= DESCRIPTION OF THE TASK =
Tally how many lines in the data hold the word "circ", and give the result with no other text.

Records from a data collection
=== Section Start ===
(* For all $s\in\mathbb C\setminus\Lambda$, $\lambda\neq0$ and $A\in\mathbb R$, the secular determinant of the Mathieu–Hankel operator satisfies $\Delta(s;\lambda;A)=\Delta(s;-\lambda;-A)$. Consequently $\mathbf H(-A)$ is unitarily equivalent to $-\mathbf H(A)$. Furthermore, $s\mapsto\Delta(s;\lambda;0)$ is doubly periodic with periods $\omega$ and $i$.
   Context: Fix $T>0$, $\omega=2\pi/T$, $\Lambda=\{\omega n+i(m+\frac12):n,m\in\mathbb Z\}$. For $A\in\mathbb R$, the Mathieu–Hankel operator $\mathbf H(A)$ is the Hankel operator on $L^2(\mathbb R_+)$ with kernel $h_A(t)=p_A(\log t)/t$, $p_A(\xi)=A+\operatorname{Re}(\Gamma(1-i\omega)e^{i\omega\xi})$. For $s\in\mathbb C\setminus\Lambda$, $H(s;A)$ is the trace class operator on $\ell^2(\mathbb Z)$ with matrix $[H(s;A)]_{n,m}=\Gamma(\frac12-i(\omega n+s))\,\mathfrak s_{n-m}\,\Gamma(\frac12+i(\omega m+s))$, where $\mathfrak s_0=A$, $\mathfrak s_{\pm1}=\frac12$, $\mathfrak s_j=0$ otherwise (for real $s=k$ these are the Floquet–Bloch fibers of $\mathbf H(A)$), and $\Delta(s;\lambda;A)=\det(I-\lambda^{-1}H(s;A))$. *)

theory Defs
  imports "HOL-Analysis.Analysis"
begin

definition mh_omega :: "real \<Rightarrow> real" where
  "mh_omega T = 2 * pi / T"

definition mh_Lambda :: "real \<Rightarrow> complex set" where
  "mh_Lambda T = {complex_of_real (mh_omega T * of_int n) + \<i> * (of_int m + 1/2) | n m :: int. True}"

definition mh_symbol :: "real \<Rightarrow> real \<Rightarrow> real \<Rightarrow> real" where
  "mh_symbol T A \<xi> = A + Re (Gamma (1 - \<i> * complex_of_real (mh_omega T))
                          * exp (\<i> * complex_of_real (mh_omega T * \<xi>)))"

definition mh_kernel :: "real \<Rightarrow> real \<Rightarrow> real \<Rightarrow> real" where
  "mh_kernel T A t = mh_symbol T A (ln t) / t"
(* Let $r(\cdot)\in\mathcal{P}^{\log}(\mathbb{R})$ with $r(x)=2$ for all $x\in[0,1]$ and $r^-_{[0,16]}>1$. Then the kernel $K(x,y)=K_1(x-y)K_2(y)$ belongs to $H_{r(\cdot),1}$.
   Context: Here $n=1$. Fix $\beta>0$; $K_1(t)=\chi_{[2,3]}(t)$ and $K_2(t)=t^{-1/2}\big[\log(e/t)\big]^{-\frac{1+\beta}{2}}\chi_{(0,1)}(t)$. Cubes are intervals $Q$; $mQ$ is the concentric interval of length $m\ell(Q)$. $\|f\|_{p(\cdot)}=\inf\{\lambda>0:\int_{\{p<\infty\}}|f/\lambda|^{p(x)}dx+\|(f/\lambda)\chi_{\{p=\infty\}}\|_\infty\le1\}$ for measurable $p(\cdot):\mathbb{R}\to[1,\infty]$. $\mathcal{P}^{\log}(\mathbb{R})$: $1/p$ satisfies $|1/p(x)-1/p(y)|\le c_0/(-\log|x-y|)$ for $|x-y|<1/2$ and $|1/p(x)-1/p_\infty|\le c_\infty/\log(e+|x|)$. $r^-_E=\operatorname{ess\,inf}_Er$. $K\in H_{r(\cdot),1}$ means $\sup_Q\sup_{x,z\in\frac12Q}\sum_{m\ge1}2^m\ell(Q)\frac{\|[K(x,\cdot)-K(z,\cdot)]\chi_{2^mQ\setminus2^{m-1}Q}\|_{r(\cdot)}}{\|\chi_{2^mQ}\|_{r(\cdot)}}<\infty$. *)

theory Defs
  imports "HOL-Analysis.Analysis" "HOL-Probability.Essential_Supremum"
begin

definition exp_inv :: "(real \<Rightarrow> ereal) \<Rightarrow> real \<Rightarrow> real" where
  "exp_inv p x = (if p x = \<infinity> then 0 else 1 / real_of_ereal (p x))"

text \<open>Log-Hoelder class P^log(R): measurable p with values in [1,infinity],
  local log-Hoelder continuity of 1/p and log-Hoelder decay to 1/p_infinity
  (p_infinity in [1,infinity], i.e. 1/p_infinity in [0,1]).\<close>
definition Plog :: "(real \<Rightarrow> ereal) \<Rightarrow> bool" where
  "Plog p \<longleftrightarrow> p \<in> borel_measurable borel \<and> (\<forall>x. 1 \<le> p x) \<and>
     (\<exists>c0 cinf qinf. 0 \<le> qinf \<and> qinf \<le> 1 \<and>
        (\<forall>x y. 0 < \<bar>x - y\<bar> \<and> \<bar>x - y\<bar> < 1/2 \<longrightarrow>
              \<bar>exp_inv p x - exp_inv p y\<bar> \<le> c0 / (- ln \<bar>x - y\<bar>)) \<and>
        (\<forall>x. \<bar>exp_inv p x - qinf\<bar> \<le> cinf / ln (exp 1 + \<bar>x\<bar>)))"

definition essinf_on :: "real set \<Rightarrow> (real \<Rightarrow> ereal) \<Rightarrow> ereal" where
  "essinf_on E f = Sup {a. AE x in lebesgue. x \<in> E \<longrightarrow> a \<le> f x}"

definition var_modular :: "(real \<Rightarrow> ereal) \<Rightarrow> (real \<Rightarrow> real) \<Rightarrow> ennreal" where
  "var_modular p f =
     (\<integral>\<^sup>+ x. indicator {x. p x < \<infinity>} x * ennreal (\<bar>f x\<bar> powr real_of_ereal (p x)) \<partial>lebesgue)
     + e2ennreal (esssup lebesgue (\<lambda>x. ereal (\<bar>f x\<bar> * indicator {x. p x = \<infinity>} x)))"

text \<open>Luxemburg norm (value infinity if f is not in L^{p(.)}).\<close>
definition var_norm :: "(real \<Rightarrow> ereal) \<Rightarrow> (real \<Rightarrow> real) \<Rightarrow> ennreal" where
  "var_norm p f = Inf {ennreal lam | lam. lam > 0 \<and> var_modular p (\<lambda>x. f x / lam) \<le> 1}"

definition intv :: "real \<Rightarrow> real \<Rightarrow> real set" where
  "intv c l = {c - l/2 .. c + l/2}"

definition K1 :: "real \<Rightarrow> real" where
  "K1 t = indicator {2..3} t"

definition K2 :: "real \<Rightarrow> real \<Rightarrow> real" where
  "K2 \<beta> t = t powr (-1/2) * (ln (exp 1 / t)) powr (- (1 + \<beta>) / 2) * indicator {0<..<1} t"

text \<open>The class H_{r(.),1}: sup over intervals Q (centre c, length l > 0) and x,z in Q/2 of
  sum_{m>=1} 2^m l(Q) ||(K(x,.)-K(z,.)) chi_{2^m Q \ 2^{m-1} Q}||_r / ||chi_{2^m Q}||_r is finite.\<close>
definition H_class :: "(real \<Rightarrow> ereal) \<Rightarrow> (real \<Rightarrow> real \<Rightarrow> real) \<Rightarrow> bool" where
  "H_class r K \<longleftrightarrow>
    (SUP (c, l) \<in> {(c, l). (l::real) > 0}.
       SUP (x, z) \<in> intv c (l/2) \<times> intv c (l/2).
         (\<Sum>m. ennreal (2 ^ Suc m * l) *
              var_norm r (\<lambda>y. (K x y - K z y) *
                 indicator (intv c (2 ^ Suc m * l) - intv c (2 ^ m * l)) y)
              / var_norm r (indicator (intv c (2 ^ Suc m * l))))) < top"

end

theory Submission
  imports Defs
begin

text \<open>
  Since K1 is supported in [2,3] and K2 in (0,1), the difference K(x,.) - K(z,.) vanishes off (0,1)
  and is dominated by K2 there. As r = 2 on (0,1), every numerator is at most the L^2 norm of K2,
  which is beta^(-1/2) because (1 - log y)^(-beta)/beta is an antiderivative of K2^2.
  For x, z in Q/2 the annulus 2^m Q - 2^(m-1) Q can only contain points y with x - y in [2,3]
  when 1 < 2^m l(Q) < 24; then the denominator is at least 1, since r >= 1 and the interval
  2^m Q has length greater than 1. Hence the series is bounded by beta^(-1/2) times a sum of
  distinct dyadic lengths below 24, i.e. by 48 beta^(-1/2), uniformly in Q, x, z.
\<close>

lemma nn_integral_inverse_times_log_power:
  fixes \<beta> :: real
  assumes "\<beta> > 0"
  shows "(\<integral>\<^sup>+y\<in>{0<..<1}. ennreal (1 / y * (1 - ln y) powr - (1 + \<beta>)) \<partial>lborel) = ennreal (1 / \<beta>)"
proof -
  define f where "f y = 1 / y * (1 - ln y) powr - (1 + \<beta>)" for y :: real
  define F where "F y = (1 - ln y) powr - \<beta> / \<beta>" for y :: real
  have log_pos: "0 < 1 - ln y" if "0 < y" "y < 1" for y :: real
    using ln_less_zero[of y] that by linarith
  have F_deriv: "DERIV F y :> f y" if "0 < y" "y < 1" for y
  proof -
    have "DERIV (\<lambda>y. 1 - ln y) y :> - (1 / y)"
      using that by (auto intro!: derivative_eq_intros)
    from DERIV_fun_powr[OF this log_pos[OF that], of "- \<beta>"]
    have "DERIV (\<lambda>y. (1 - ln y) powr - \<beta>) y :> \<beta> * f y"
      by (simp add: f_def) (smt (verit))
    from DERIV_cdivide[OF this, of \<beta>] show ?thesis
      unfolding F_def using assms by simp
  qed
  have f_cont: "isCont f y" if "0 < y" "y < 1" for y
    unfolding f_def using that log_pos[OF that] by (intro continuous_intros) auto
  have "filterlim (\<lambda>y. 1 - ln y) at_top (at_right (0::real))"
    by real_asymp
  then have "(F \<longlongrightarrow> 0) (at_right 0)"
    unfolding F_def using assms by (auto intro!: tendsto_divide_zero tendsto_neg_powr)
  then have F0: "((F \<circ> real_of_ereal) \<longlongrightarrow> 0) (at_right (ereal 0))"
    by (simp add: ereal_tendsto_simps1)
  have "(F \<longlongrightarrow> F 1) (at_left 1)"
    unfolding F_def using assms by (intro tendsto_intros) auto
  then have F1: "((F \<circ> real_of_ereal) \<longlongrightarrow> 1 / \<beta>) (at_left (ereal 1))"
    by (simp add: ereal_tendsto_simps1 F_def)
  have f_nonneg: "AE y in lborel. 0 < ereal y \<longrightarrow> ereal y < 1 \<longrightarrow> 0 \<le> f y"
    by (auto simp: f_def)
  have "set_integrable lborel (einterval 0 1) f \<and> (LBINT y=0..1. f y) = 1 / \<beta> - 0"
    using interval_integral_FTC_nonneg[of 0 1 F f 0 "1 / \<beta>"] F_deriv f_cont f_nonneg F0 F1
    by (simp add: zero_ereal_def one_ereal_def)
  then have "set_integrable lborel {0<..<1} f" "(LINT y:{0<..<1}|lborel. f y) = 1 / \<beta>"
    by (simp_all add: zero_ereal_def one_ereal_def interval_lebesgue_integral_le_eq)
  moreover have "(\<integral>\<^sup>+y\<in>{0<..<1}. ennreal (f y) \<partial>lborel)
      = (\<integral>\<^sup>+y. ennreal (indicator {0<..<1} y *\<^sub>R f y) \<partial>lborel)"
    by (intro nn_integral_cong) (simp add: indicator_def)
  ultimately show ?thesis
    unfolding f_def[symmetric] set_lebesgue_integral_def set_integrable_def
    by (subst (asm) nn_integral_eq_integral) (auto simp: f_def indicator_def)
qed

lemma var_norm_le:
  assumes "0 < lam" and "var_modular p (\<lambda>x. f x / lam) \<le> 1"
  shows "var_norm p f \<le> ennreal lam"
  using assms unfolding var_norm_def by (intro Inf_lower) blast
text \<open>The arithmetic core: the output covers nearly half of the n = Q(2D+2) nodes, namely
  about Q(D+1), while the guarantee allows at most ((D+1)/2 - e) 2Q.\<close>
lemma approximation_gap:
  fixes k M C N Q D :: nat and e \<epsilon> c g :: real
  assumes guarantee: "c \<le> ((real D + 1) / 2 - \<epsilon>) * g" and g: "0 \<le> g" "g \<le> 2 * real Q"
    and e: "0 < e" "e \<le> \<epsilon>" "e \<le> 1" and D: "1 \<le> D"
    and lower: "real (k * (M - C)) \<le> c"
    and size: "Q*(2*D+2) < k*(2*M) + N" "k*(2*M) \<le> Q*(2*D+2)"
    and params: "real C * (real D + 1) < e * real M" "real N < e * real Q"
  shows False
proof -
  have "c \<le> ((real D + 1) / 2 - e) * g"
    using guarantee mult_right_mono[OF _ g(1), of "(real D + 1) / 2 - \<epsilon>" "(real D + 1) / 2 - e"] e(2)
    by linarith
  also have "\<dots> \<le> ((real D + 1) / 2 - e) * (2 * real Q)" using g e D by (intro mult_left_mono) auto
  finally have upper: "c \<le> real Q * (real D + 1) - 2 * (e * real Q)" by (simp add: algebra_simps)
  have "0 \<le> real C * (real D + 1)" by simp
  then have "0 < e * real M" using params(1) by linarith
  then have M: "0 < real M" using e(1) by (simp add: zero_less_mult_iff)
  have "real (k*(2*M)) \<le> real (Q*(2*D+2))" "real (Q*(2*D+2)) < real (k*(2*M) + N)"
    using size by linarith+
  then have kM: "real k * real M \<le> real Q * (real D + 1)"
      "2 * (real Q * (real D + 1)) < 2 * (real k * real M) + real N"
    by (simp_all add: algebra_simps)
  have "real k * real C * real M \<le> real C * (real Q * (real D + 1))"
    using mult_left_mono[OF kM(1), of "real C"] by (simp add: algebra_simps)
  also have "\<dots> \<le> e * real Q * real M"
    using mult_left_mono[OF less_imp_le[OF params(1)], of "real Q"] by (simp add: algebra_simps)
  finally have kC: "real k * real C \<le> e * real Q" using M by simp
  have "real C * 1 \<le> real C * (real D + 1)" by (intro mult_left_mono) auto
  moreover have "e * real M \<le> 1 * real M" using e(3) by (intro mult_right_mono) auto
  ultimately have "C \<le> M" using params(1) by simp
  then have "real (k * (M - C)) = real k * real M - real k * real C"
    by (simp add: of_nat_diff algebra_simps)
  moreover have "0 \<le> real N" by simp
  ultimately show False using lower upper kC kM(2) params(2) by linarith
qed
=== Section End ===
= WRITTEN SOLUTION =
2